Attendorn. Die Bibel stand bewusst im Mittelpunkt des Festgottesdienstes der evangelischen Kirchengemeinde Attendorn am vergangenen Sonntagmorgen.

Zum einen hatten die Konfirmanden, die im Mai konfirmiert werden, dieses Thema in den Mittelpunkt ihres Vorstellungsgottesdienstes gestellt, zum anderen übergab der Superintendent des Kirchenkreises Lüdenscheid - Plettenberg der Gemeinde in diesem Gottesdienst je eine neue Altarbibel für die Erlöserkirche und die Friedenskirche in Petersburg. 
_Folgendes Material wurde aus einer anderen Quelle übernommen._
lemma less_two_pow_spread_length: "1 \<le> k \<Longrightarrow> k < 2 ^ (spread_length k + 1)"
proof (induction k rule: less_induct)
  case (less k)
  show ?case
  proof (cases k rule: halving_cases)
    case small
    then show ?thesis by (simp add: spread_length_le_one)
  next
    case (even a)
    then show ?thesis using less.IH[of a] by (simp add: spread_length_double)
  next
    case (odd a)
    then show ?thesis using less.IH[of a] unfolding odd(2) spread_length_double_Suc[OF odd(1)] by simp
  qed
qed

lemma sum_spread_length_double_Suc:
  "(\<Sum>k = 1..2 * m + 1. spread_length k) = 2 * (\<Sum>k = 1..m. spread_length k) + 3 * m"
proof (induction m)
  case 0
  then show ?case by (simp add: spread_length_le_one)
next
  case (Suc m)
  then show ?case
    using spread_length_double[of "m + 1"] spread_length_double_Suc[of "m + 1"] by simp
qed

lemma four_pow_mult_fact_sq_le: "4 ^ m * (fact m)\<^sup>2 \<le> (fact (2 * m + 1) :: nat)"
proof (induction m)
  case (Suc m)
  have "4 ^ Suc m * (fact (Suc m))\<^sup>2 = (4 * (Suc m)\<^sup>2) * (4 ^ m * (fact m)\<^sup>2 :: nat)"
    by (simp add: power2_eq_square algebra_simps)
  also have "\<dots> \<le> ((2 * m + 3) * (2 * m + 2)) * fact (2 * m + 1)"
    by (rule mult_mono[OF _ Suc.IH]) (simp_all add: power2_eq_square algebra_simps)
  also have "\<dots> = fact (2 * Suc m + 1)" by (simp add: algebra_simps)
  finally show ?case .
qed simp

lemma four_pow_mult_fact_sq_sq_le:
  "1 \<le> m \<Longrightarrow> (4 ^ m * (fact m)\<^sup>2)\<^sup>2 \<le> 4 * m * (fact (2 * m) :: nat)\<^sup>2"
proof (induction m rule: dec_induct)
  case base
  then show ?case by (simp add: numeral_eq_Suc)
next
  case (step m)
  have "(4 ^ Suc m * (fact (Suc m))\<^sup>2)\<^sup>2 = (16 * (Suc m)^4) * (4 ^ m * (fact m)\<^sup>2 :: nat)\<^sup>2"
    by (simp add: power2_eq_square power4_eq_xxxx algebra_simps)
  also have "\<dots> \<le> (16 * (Suc m)^4 * 4 * m) * (fact (2 * m))\<^sup>2"
    using step.IH by (simp add: algebra_simps)
  also have "\<dots> \<le> (4 * Suc m * ((2 * m + 2) * (2 * m + 1))\<^sup>2) * (fact (2 * m))\<^sup>2"
  proof (rule mult_right_mono)
    have "4 * Suc m * ((2 * m + 2) * (2 * m + 1))\<^sup>2 = 16 * (Suc m)^4 * 4 * m + 16 * (Suc m)^3"
      by (simp add: power2_eq_square power3_eq_cube power4_eq_xxxx algebra_simps)
    then show "16 * (Suc m)^4 * 4 * m \<le> 4 * Suc m * ((2 * m + 2) * (2 * m + 1))\<^sup>2" by simp
  qed simp
  also have "\<dots> = 4 * Suc m * (fact (2 * Suc m))\<^sup>2" by (simp add: power2_eq_square algebra_simps)
  finally show ?case .
qed

lemma log2_four: "log 2 (4 :: real) = 2"
  using log_pow_cancel[of "2 :: real" 2] by simp

lemma log_fact_double_Suc_ge: "2 * log 2 (fact m) + 2 * m \<le> log 2 (fact (2 * m + 1))"
proof -
  have "real (4 ^ m * (fact m)\<^sup>2) \<le> real (fact (2 * m + 1))"
    using four_pow_mult_fact_sq_le[of m] by (simp only: of_nat_le_iff)
  then have "log 2 (4 ^ m * (fact m)\<^sup>2) \<le> log 2 (fact (2 * m + 1))"
    by (intro log_mono) (simp_all only: of_nat_mult of_nat_power of_nat_fact of_nat_numeral, auto)
  moreover have "log 2 (4 ^ m * (fact m)\<^sup>2) = 2 * m + 2 * log 2 (fact m)"
    by (simp add: log_mult_pos log_nat_power log2_four)
  ultimately show ?thesis by simp
qed
lemma simple_graph_friendship: "simple_graph (friendV n) (friendE n)"
  unfolding simple_graph_def friendV_def friendE_eq by auto

lemma glen_friendship: "glen (friendV n) (friendE n) = 5 * n + 1"
  by (simp add: glen_def friendV_def card_friendE)

lemma sum_incidences_friendship:
  fixes f :: "nat \<Rightarrow> int"
  shows "(\<Sum>e\<in>friendE n. \<Sum>u\<in>e. f u) = 2 * int n * f 0 + 2 * (\<Sum>i=1..2*n. f i)"
proof -
  let ?spokes = "(\<lambda>i. {0, i}) ` {1..2*n}" and ?rim = "(\<lambda>k. {2*k - 1, 2*k}) ` {1..n}"
  have "(\<Sum>e\<in>friendE n. \<Sum>u\<in>e. f u) = (\<Sum>e\<in>?spokes. \<Sum>u\<in>e. f u) + (\<Sum>e\<in>?rim. \<Sum>u\<in>e. f u)"
    unfolding friendE_eq by (rule sum.union_disjoint) (auto simp: doubleton_eq_iff)
  also have "(\<Sum>e\<in>?spokes. \<Sum>u\<in>e. f u) = (\<Sum>i=1..2*n. f 0 + f i)"
    by (subst sum.reindex) (auto simp: inj_on_def doubleton_eq_iff intro!: sum.cong)
  also have "(\<Sum>e\<in>?rim. \<Sum>u\<in>e. f u) = (\<Sum>k=1..n. f (2*k - 1) + f (2*k))"
    by (subst sum.reindex) (auto simp: inj_on_def doubleton_eq_iff intro!: sum.cong)
  finally show ?thesis
    unfolding sum_consecutive_pairs by (simp add: sum.distrib)
qed

lemma cost_friendship:
  assumes "cseq (friendV n) (friendE n) x"
  defines "q \<equiv> \<lambda>v. int (pos (friendV n) (friendE n) x (Inl v))"
  shows "cost (friendV n) (friendE n) x
    = 2 * (\<Sum>i=1..5*n + 1. int i) - 4 * (\<Sum>v\<in>friendV n. q v) - (2 * int n - 2) * q 0"
proof -
  have "(\<Sum>v\<in>friendV n. q v) = q 0 + (\<Sum>i=1..2*n. q i)"
    unfolding friendV_eq by simp
  then show ?thesis
    using cost_eq_vertex_positions[OF simple_graph_friendship assms(1)]
    unfolding glen_friendship sum_incidences_friendship q_def by (simp add: algebra_simps)
qed
theorem theorem3:
  fixes M :: "'a measure" and X1 X2 :: "'a \<Rightarrow> real"
    and \<epsilon>1 \<epsilon>2 Rd Rs \<rho> :: real
  assumes "prob_space M"
    and "\<epsilon>1 > 0" and "\<epsilon>2 > 0"
    and "distributed M lborel X1 (exponential_density (1 / \<epsilon>1))"
    and "distributed M lborel X2 (exponential_density (1 / \<epsilon>2))"
    and "prob_space.indep_var M borel X1 borel X2"
    and "Rd > Rs" and "Rs \<ge> 0" and "\<rho> \<ge> 0"
  shows "Limsup at_top (\<lambda>snr. ereal (- ln (measure M {\<omega> \<in> space M.
            E_o_MF Rd snr (X1 \<omega>) (X2 \<omega>) \<or> E_l Rd Rs snr (snr powr \<rho>) (X1 \<omega>) (X2 \<omega>)})
            / ln snr)) = ereal (gsdg \<rho>)
    \<and> Limsup at_top (\<lambda>snr. ereal (- ln (measure M {\<omega> \<in> space M.
            E_o_cs Rd snr (X1 \<omega>) (X2 \<omega>) \<or> E_l Rd Rs snr (snr powr \<rho>) (X1 \<omega>) (X2 \<omega>)})
            / ln snr)) = ereal (gsdg \<rho>)"
proof -
  have gains: "exponential_gains M X1 X2 (1 / \<epsilon>1) (1 / \<epsilon>2)"
    using assms(1-6) unfolding exponential_gains_def exponential_gains_axioms_def by simp
  have MF: "relay_outage M X1 X2 (1 / \<epsilon>1) (1 / \<epsilon>2) (E_o_MF Rd)
      (2 powr (2 * Rd) - 1) (2 * 2 powr (2 * Rd) - 1) Rd Rs"
    by (rule relay_outage_E_o_MF[OF gains assms(7,8)])
  have cs: "relay_outage M X1 X2 (1 / \<epsilon>1) (1 / \<epsilon>2) (E_o_cs Rd)
      (2 powr (2 * Rd) - 1) (2 powr (2 * Rd) - 1) Rd Rs"
    by (rule relay_outage_E_o_cs[OF gains assms(7,8)])
  show ?thesis
    using relay_outage.Limsup_total_outage[OF MF, of \<rho>] relay_outage.Limsup_total_outage[OF cs, of \<rho>]
    unfolding relay_outage.total_outage_def[OF MF] relay_outage.total_outage_def[OF cs]
    by simp
qed

end
(* Let $0<R_{\rm id}<R_{\rm d}$, and let $\Omega$, $\Gamma_{\rm d}$, $\Gamma_{\rm id}$, $n$, $(\overline u,\overline q)$, $\omega^*$, $v(\omega)$, $\widehat v(\omega)$, $J'(\omega)$, the iteration $\omega_{k+1}=\omega_k-\rho_kJ'(\omega_k)$, $\mu_k=\omega^*-\omega_k$ and $C_j$ be as in the context. Assume there are integers $N\ge M\ge0$ such that the initial error has a finite Fourier expansion $\mu_0=\sum_{M\le|j|\le N}a_j^{(0)}e^{ij\theta}$ on $\Gamma_{\rm id}$. If the step sizes are chosen as $\rho_k=1/C_{M+k}$ for $k=0,1,\dots,N-M$, or alternatively as $\rho_k=1/C_{N-k}$ for $k=0,1,\dots,N-M$, then $\mu_{N-M+1}=0$, i.e. $\omega_{N-M+1}=\omega^*$.
   Context: Setting: $0<R_{\rm id}<R_{\rm d}$; $\Omega=\{(x,y): R_{\rm id}^2<x^2+y^2<R_{\rm d}^2\}$ is an annulus with outer boundary $\Gamma_{\rm d}=\{x^2+y^2=R_{\rm d}^2\}$ and inner boundary $\Gamma_{\rm id}=\{x^2+y^2=R_{\rm id}^2\}$; $(r,\theta)$ are polar coordinates; $n$ is the unit outward normal to $\partial\Omega$ (so $\partial/\partial n=\partial/\partial r$ on $\Gamma_{\rm d}$ and $\partial/\partial n=-\partial/\partial r$ on $\Gamma_{\rm id}$). Given Cauchy data $(\overline u,\overline q)$ on $\Gamma_{\rm d}$. For a boundary value $\omega$ on $\Gamma_{\rm id}$, $v(\omega)$ denotes the solution of the primary problem $-\Delta v=0$ in $\Omega$, $\partial v/\partial n=\overline q$ on $\Gamma_{\rm d}$, $v=\omega$ on $\Gamma_{\rm id}$; $\widehat v(\omega)$ denotes the solution of the adjoint problem $-\Delta \widehat v=0$ in $\Omega$, $\partial\widehat v/\partial n=2(v(\omega)-\overline u)$ on $\Gamma_{\rm d}$, $\widehat v=0$ on $\Gamma_{\rm id}$; and $J'(\omega):=-\partial\widehat v(\omega)/\partial n|_{\Gamma_{\rm id}}$. The exact boundary value $\omega^*$ is assumed to exist, i.e. $v(\omega^* )|_{\Gamma_{\rm d}}=\overline u$. Starting from $\omega_0$ and step sizes $\rho_k>0$, the iteration is $\omega_{k+1}=\omega_k-\rho_kJ'(\omega_k)$ (with exact solution of the boundary value problems), and $\mu_k:=\omega^*-\omega_k$. For integers $j$, $$C_j:=\frac{8R_{\rm d}^{2|j|+1}R_{\rm id}^{2|j|-1}}{(R_{\rm id}^{2|j|}+R_{\rm d}^{2|j|})^2}.$$ Functions on $\Gamma_{\rm id}$ may be complex-valued; Fourier expansions are in $e^{ij\theta}$. *)

theory Defs
  imports "HOL-Analysis.Analysis"
begin

text \<open>The plane is identified with the type complex; a point with polar
coordinates (r, theta) is r * cis theta.  Functions on a circle of radius R
are represented as functions of the angle theta (values at R * cis theta).\<close>

definition annulus :: "real \<Rightarrow> real \<Rightarrow> complex set" where
  "annulus Ri Rd = {z. Ri < cmod z \<and> cmod z < Rd}"

definition closed_annulus :: "real \<Rightarrow> real \<Rightarrow> complex set" where
  "closed_annulus Ri Rd = {z. Ri \<le> cmod z \<and> cmod z \<le> Rd}"

text \<open>Classical (C^2) solutions of the Laplace equation -Delta u = 0 on an open set S,
for complex-valued u on the plane (x = Re z, y = Im z); ux, uy are the first
partial derivatives, uxx, uxy, uyx, uyy the second ones.\<close>

definition harmonic_C2_on :: "complex set \<Rightarrow> (complex \<Rightarrow> complex) \<Rightarrow> bool" where
  "harmonic_C2_on S u \<longleftrightarrow>
     (\<exists>ux uy uxx uxy uyx uyy.
        (\<forall>z\<in>S.
           (u has_derivative (\<lambda>h. of_real (Re h) * ux z + of_real (Im h) * uy z)) (at z) \<and>
           (ux has_derivative (\<lambda>h. of_real (Re h) * uxx z + of_real (Im h) * uxy z)) (at z) \<and>
           (uy has_derivative (\<lambda>h. of_real (Re h) * uyx z + of_real (Im h) * uyy z)) (at z) \<and>
           uxx z + uyy z = 0) \<and>
        continuous_on S uxx \<and> continuous_on S uxy \<and>
        continuous_on S uyx \<and> continuous_on S uyy)"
Die Jugendlichen, die sich mit Pfarrer Andreas Schliebener akribisch auf diesen Tag vorbereitet hatten, hoben den Wert der Bibel hervor, wie ihn Martin Luther vor 500 Jahren erkannt hatte. Auch Superintendent Pfarrer Klaus Majoress ging in seiner sehr persönlich gehaltenen Predigt auf die Worte der Bibel ein. Sie seien für ihn – und das sollten sie für alle Christen sein – Lebensworte. Gott spreche sie jedem Einzelnen persönlich zu, wie er in seinem Leben schon des öfteren erfahren habe. Deshalb sei es so wichtig, dass in jeder Kirche eine Bibel auf dem Altar liege: „Sie ist der Mittelpunkt des Gottesdienstes, ja des ganzen Lebens“, so der Superintendent. 

Die neuen Altarbibeln, die von der Präses der evangelischen Landeskirche von Westfalen Annette Kurschuss handsigniert sind, sind zwei von insgesamt 47 Bibeln, die Klaus Majoress im Laufe des Reformationsjubiläums im Auftrag von der Präses an „seine“ Gemeinden verteilt. 

Es handelt sich um eine gründlich revidierte, an neueste Erkenntnisse und Luthers Sprache angepasste Sonderausgabe der neuen Lutherbibel. Die Bibeln ersetzen in der Erlöserkirche die historische ledergebundene und mit Silber beschlagene Altarbibel, die seiner Zeit von Kaiserin Auguste Viktoria der Gemeinde zur Einweihung der Erlöserkirche geschenkt und die in der 1970er-Jahren durch eine moderne Bibel abgelöst wurde, und in der Friedenskirche die seit ihrer Einweihung im Jahre 1971 in Gebrauch gewesene.